» **Activity**
Would you go through the records below and copy each line with the string "commute"?

***** Information shown *****

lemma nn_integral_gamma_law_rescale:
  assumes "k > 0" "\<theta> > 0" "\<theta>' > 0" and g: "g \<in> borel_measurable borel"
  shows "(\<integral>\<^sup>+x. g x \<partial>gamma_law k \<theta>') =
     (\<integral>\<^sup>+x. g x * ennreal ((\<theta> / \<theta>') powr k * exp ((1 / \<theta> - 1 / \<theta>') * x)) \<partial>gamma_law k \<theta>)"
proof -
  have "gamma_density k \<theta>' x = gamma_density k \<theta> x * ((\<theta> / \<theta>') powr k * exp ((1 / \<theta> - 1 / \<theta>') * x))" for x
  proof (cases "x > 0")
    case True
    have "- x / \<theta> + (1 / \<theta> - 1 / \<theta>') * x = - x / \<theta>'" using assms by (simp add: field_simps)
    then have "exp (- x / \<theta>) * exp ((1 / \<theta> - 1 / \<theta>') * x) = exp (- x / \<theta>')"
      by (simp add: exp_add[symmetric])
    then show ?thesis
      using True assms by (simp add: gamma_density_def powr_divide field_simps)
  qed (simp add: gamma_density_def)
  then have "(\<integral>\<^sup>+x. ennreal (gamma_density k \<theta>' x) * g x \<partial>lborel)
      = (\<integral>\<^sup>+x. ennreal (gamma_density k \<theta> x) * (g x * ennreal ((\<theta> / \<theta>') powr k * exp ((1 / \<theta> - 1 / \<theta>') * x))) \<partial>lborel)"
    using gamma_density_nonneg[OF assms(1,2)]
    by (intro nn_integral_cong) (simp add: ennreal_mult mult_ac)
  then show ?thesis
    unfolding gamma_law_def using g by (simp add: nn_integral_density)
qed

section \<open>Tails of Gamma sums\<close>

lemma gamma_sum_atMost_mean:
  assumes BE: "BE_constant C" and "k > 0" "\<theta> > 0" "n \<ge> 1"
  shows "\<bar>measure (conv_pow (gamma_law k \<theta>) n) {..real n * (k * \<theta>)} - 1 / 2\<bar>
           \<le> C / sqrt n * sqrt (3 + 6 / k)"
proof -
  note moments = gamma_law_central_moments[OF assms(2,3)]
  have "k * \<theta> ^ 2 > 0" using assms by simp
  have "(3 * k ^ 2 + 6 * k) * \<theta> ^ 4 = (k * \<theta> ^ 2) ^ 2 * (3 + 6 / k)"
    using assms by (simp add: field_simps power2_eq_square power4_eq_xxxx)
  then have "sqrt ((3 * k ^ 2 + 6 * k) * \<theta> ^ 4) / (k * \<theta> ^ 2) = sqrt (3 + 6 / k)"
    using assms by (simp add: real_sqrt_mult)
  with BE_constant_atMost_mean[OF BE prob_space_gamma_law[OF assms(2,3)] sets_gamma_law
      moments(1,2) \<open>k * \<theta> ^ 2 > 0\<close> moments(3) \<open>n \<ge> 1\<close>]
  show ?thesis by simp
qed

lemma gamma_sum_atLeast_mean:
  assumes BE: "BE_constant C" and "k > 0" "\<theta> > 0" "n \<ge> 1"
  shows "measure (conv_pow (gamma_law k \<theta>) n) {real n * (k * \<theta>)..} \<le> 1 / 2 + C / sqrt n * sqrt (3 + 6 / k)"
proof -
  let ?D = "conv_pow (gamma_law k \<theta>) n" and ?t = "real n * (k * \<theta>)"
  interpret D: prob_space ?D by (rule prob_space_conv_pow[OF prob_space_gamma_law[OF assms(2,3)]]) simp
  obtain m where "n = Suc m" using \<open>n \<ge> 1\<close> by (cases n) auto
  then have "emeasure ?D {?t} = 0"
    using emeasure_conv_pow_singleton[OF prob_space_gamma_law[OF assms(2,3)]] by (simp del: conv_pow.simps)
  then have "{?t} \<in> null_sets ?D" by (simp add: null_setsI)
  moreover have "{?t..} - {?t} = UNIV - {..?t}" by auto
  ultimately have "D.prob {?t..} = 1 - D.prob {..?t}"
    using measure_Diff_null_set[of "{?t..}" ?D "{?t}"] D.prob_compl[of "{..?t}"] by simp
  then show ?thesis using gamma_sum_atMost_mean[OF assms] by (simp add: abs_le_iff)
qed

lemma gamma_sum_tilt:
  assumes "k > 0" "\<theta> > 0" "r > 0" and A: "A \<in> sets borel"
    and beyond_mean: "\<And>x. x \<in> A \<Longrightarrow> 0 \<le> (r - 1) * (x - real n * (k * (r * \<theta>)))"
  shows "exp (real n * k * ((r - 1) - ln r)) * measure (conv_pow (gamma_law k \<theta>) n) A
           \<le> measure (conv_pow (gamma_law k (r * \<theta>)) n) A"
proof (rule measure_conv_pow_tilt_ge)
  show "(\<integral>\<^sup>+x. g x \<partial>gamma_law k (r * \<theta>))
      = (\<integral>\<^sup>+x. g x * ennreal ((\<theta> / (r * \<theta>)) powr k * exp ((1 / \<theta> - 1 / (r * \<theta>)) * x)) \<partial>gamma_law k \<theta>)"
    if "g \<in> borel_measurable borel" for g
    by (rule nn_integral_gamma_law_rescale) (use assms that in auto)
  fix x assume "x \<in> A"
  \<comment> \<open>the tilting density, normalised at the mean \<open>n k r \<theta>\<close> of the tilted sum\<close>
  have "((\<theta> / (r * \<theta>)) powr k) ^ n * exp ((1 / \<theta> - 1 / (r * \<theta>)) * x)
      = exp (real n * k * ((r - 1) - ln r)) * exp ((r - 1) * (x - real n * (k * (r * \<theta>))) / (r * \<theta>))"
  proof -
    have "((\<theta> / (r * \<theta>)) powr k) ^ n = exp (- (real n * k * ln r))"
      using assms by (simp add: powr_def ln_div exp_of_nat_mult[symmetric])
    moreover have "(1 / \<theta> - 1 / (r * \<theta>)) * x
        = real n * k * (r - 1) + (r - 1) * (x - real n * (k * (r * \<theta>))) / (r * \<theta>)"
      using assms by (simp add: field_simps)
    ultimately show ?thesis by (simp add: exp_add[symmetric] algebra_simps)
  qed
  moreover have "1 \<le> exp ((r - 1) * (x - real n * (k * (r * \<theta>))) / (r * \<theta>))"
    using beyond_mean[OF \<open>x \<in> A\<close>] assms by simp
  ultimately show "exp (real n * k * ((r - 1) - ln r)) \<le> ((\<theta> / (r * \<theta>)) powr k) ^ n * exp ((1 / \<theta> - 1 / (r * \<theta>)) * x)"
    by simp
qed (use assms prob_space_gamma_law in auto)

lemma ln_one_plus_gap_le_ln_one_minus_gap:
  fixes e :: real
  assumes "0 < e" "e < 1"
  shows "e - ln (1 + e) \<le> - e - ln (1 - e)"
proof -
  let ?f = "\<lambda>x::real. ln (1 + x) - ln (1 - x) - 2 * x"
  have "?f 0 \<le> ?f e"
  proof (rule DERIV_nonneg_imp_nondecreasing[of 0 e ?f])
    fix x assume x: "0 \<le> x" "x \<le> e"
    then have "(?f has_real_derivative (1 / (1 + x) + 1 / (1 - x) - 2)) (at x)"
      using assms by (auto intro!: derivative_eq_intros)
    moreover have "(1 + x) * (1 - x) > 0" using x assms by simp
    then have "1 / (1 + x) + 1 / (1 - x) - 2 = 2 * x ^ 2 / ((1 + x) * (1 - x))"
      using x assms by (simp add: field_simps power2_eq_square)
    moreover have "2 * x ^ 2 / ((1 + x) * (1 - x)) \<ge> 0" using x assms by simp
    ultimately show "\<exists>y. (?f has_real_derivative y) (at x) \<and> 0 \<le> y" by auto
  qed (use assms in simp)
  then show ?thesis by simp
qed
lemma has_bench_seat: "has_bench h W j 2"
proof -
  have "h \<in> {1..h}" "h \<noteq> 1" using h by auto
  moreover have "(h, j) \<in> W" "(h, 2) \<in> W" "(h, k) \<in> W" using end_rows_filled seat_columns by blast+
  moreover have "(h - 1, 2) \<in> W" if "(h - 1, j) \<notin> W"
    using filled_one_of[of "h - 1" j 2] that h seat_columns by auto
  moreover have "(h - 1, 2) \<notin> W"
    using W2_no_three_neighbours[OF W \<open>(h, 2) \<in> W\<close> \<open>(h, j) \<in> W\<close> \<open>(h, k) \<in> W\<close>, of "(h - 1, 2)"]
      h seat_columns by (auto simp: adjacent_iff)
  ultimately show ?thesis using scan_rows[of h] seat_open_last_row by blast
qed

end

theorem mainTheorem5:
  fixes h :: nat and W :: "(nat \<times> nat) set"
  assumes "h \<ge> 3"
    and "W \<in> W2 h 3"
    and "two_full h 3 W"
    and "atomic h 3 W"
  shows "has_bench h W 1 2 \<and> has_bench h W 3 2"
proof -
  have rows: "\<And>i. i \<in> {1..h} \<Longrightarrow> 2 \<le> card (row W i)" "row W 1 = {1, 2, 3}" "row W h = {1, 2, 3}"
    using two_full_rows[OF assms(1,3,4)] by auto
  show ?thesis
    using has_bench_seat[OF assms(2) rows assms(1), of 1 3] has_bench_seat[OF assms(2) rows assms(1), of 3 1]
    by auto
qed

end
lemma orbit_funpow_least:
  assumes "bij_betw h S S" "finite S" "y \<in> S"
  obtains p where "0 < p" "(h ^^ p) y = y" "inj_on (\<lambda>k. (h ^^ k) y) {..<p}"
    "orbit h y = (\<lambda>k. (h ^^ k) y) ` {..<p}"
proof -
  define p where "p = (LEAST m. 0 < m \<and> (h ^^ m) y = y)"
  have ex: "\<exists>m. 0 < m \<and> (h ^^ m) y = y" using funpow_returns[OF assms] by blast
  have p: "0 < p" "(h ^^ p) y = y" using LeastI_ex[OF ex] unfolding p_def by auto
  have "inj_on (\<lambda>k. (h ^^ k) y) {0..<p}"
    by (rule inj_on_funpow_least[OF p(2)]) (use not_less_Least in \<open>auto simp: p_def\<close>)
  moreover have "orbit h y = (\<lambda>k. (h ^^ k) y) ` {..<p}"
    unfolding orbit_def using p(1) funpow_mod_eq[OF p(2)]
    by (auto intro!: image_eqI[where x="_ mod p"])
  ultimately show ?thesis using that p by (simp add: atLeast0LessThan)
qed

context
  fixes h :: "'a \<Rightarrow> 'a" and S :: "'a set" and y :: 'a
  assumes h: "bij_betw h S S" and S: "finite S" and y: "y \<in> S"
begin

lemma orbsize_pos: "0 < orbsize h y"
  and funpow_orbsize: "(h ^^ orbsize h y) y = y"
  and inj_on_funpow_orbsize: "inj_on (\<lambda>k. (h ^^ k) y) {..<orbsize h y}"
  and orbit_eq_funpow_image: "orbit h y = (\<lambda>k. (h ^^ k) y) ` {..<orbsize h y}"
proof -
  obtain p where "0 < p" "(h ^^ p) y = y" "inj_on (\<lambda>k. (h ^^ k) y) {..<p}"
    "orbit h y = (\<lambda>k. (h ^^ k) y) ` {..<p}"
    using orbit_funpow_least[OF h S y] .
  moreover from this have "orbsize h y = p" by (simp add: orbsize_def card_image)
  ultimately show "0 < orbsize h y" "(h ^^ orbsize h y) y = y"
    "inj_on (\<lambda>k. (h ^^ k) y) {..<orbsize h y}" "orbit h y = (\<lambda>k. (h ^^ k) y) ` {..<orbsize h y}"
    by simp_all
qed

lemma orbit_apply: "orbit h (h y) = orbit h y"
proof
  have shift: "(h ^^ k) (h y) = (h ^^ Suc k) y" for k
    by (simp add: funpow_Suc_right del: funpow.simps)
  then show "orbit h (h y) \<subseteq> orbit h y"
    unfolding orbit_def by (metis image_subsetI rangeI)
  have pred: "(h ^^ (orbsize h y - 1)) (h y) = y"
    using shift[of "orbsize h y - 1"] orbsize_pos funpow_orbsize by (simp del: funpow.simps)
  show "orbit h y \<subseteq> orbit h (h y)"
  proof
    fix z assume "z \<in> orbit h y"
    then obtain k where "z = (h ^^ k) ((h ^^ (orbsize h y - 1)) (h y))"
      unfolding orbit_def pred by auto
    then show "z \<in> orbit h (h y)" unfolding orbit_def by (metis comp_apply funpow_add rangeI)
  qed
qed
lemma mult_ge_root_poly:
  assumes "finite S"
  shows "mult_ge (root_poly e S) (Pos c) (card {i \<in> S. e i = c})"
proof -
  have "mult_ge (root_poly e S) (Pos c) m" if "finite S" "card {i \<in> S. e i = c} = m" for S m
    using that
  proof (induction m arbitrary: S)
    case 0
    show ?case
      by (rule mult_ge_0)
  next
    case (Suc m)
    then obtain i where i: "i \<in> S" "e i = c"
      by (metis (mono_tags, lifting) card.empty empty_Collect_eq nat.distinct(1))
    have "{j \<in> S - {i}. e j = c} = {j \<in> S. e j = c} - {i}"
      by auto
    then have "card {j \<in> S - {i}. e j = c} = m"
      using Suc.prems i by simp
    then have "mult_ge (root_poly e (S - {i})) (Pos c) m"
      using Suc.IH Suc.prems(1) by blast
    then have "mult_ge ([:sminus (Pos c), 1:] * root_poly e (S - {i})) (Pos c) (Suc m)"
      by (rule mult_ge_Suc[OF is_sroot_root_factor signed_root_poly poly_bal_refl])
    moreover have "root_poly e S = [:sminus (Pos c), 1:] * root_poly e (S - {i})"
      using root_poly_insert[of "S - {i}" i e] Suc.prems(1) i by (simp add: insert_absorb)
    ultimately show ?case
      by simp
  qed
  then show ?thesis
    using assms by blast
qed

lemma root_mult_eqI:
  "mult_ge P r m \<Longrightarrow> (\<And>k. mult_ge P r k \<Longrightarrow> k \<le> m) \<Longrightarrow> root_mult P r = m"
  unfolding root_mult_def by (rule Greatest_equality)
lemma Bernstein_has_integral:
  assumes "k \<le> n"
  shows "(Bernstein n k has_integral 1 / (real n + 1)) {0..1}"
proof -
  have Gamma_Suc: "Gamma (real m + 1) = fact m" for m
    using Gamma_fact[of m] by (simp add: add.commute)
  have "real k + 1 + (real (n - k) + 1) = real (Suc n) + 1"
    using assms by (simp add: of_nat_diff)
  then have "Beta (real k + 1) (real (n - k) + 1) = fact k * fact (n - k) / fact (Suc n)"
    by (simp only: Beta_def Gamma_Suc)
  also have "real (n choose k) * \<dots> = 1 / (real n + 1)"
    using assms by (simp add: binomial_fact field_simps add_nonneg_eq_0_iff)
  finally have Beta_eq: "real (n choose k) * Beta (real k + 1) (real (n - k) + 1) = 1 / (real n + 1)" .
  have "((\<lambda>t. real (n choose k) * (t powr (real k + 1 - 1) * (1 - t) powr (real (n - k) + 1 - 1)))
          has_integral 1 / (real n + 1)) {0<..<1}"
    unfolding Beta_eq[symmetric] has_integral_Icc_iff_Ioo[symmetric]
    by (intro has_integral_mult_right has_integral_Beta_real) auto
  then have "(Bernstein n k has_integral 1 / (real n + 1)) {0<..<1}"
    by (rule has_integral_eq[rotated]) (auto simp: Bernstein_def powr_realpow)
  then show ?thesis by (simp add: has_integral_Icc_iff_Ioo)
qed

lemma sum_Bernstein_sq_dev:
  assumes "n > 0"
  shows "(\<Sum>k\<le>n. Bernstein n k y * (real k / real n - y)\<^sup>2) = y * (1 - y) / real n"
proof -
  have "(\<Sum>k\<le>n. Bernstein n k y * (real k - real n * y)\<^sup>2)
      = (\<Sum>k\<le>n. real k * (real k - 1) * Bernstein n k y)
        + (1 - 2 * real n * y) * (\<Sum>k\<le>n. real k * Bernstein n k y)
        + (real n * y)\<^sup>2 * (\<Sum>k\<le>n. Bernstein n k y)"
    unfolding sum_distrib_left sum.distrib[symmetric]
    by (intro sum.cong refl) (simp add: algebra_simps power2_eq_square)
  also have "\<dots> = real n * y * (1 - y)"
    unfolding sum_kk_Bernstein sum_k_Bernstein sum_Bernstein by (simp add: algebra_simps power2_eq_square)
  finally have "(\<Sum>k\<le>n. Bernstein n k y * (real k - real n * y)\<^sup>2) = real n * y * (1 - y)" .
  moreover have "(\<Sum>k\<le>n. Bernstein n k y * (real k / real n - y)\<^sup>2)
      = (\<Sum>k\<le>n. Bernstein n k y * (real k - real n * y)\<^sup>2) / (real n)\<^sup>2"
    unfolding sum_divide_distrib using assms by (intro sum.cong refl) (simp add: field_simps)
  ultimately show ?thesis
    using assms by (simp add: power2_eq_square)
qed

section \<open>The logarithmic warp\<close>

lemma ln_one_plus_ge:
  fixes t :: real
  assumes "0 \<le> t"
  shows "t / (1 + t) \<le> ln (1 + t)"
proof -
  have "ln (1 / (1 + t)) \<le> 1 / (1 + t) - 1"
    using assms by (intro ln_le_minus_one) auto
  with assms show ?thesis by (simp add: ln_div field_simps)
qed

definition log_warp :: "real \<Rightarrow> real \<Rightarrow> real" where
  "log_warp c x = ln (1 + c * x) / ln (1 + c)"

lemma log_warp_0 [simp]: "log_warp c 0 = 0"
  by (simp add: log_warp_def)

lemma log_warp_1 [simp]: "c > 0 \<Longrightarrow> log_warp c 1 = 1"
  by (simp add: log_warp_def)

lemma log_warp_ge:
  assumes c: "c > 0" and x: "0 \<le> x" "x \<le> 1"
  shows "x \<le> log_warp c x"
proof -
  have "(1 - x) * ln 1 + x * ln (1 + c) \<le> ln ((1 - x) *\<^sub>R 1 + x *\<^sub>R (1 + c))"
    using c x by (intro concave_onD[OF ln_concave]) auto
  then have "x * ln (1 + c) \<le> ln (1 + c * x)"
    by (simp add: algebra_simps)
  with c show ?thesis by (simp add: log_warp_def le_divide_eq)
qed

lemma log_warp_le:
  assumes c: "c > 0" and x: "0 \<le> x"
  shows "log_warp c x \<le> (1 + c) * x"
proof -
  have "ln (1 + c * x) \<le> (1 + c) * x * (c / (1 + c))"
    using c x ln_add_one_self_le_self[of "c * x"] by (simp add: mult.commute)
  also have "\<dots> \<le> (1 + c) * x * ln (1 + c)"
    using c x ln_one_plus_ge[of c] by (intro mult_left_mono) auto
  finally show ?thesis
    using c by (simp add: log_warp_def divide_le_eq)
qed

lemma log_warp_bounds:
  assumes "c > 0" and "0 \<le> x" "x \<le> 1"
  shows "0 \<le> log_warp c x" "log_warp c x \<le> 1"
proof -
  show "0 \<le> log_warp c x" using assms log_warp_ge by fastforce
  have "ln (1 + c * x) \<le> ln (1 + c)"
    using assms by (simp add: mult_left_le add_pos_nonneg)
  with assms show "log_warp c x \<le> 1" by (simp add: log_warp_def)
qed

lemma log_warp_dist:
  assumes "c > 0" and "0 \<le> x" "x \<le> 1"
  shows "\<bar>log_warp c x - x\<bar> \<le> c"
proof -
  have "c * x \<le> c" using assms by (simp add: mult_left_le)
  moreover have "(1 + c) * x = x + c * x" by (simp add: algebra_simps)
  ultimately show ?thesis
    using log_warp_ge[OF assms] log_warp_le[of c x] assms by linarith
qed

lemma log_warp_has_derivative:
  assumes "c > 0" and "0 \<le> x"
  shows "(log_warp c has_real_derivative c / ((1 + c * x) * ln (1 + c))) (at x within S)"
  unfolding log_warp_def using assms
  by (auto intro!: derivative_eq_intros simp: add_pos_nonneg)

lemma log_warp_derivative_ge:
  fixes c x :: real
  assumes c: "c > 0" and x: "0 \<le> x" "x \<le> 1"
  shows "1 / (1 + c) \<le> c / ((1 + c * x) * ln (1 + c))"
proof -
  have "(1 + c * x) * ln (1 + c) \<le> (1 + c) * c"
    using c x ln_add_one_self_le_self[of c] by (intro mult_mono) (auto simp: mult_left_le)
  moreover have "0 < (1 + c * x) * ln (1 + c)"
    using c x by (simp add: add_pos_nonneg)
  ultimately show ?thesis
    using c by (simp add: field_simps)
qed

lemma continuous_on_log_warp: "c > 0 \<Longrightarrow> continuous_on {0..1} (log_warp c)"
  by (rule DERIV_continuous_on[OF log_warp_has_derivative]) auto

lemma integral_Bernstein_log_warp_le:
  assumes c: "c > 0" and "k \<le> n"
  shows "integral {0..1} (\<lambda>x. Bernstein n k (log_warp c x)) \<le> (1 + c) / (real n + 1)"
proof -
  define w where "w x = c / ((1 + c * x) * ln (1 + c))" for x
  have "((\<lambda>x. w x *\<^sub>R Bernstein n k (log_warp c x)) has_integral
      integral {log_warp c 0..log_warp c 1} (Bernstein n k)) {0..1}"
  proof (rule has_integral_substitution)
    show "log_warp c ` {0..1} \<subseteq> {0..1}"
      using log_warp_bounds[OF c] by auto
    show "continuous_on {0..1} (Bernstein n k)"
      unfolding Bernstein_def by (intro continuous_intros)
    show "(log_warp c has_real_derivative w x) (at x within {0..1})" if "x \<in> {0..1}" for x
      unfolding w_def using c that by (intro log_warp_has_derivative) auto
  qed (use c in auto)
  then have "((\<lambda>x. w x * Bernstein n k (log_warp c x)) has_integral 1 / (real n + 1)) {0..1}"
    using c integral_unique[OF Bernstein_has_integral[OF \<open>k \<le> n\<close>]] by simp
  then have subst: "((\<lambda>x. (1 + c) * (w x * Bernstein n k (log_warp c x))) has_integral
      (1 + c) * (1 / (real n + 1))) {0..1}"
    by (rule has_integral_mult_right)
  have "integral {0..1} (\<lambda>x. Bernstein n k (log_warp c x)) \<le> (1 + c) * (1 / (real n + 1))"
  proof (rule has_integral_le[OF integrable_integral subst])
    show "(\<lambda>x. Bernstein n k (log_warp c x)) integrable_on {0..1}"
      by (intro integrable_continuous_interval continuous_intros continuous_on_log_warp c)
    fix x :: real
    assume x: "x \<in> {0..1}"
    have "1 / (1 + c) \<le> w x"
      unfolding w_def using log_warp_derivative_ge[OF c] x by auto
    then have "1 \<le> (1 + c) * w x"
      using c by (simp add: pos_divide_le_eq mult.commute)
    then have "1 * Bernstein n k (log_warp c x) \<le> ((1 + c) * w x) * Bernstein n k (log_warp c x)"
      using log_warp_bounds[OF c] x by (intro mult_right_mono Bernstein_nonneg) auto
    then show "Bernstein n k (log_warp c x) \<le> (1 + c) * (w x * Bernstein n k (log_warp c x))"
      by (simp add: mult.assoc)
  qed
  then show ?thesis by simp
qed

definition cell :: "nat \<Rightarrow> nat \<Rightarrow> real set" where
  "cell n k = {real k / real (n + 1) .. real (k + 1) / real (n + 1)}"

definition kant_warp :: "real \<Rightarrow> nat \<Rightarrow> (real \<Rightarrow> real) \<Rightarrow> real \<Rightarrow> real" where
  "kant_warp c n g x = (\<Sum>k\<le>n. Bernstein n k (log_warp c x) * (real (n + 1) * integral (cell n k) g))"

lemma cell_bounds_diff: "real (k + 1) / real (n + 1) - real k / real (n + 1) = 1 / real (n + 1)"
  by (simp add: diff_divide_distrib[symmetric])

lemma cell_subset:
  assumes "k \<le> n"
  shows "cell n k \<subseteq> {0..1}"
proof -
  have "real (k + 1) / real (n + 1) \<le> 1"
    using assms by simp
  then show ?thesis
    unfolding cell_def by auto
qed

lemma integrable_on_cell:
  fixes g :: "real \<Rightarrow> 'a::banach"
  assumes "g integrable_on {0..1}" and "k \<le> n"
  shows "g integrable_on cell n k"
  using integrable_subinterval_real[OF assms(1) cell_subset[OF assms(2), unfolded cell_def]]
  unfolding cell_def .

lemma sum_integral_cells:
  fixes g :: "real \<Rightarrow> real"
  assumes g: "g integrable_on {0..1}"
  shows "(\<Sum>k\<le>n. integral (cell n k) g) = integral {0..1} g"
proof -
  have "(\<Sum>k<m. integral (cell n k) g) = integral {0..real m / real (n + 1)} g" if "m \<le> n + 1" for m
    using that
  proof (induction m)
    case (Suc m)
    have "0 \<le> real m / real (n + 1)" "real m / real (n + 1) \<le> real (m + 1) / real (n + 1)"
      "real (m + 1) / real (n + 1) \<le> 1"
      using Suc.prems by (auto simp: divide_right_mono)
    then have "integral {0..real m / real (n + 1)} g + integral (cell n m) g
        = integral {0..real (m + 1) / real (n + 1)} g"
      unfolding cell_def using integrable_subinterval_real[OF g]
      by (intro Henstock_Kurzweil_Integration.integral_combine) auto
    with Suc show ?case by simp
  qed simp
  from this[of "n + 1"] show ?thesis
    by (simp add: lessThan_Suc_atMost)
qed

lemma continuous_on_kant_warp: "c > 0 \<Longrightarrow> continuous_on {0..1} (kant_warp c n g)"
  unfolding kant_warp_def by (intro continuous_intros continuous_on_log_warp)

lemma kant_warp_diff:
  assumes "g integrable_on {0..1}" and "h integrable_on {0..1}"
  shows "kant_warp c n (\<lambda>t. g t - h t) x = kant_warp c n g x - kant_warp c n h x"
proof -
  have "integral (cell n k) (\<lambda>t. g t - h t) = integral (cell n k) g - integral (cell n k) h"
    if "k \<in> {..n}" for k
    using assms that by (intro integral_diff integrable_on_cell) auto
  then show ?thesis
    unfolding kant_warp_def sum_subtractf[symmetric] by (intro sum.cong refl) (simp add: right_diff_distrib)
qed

*****

» **Expected answer**
    using Gamma_fact[of m] by (simp add: add.commute)
    using c x ln_add_one_self_le_self[of "c * x"] by (simp add: mult.commute)
      using c by (simp add: pos_divide_le_eq mult.commute)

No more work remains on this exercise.